EXERCISE OBJECTIVE: From the records below, transcribe only the lines running from the one with "(\<lambda>w. f w - g" through the one with "(\<lambda>w. \<Sum>i\<le>length w.". Keep both of those end lines.

TASK INPUT:
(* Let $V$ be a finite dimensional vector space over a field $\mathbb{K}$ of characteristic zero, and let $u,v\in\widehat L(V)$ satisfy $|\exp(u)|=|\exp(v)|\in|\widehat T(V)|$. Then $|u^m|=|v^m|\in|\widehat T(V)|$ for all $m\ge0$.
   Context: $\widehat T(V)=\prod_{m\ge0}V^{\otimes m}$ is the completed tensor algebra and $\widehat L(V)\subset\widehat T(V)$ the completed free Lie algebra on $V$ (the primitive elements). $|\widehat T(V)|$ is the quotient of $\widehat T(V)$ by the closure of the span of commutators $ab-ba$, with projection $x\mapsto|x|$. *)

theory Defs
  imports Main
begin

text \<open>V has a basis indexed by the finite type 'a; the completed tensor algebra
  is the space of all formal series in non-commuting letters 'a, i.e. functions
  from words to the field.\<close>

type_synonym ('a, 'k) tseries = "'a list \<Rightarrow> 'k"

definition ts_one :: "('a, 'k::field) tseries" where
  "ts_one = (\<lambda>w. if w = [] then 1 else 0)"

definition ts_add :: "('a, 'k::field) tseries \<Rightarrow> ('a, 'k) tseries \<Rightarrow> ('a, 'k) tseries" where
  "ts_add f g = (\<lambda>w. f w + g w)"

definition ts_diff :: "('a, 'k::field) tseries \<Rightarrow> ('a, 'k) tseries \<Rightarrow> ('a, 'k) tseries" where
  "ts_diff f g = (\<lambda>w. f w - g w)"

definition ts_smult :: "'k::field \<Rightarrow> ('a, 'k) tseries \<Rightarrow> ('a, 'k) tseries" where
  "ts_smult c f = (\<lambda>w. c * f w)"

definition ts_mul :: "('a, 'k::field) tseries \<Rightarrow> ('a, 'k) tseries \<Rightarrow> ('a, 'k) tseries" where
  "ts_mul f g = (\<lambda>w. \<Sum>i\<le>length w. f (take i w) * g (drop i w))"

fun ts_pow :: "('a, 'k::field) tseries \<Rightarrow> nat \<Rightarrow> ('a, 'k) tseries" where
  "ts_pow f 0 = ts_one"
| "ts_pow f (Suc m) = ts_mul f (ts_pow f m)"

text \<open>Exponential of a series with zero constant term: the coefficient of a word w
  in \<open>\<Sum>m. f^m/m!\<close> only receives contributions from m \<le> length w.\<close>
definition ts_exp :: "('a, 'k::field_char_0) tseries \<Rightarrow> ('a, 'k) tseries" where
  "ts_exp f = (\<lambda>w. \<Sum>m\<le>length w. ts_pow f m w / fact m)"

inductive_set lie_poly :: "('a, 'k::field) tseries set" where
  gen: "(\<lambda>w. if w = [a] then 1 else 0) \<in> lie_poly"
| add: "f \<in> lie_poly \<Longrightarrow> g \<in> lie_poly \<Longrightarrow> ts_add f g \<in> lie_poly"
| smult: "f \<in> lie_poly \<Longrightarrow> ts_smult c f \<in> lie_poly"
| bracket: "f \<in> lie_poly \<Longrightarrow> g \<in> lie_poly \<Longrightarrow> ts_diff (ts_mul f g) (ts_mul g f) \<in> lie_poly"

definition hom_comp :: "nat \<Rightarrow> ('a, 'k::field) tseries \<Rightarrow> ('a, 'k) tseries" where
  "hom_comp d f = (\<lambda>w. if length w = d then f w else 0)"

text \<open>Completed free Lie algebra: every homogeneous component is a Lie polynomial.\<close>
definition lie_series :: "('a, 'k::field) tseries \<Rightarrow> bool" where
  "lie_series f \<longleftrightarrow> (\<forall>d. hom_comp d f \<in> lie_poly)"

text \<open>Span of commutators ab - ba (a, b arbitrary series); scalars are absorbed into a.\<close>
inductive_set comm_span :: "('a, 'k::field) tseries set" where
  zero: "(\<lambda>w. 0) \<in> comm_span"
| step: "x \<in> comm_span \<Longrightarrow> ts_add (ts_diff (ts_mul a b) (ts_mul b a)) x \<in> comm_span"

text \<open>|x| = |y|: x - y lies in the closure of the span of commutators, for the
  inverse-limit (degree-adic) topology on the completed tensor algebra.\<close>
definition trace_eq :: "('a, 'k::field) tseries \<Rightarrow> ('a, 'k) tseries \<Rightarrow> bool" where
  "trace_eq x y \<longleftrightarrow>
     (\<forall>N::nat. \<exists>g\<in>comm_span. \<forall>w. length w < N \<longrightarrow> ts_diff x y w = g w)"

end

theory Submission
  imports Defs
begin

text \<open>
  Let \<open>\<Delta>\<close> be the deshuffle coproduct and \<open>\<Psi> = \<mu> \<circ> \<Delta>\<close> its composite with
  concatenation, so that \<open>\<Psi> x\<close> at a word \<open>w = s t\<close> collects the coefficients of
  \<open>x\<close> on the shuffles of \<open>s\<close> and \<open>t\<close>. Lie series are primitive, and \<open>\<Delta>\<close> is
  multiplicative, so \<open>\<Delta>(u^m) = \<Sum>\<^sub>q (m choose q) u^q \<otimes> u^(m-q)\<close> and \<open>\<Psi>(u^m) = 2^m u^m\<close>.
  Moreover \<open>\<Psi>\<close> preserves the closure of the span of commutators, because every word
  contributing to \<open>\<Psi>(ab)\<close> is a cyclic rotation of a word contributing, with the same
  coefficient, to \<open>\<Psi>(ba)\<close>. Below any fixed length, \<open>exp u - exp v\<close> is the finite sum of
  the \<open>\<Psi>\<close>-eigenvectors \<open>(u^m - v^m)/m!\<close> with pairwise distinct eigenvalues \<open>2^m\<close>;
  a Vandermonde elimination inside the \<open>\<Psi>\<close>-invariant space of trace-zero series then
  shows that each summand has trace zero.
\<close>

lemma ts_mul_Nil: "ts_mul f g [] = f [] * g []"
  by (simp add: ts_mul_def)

RESULT OF THIS EXERCISE:
  "ts_diff f g = (\<lambda>w. f w - g w)"

definition ts_smult :: "'k::field \<Rightarrow> ('a, 'k) tseries \<Rightarrow> ('a, 'k) tseries" where
  "ts_smult c f = (\<lambda>w. c * f w)"

definition ts_mul :: "('a, 'k::field) tseries \<Rightarrow> ('a, 'k) tseries \<Rightarrow> ('a, 'k) tseries" where
  "ts_mul f g = (\<lambda>w. \<Sum>i\<le>length w. f (take i w) * g (drop i w))"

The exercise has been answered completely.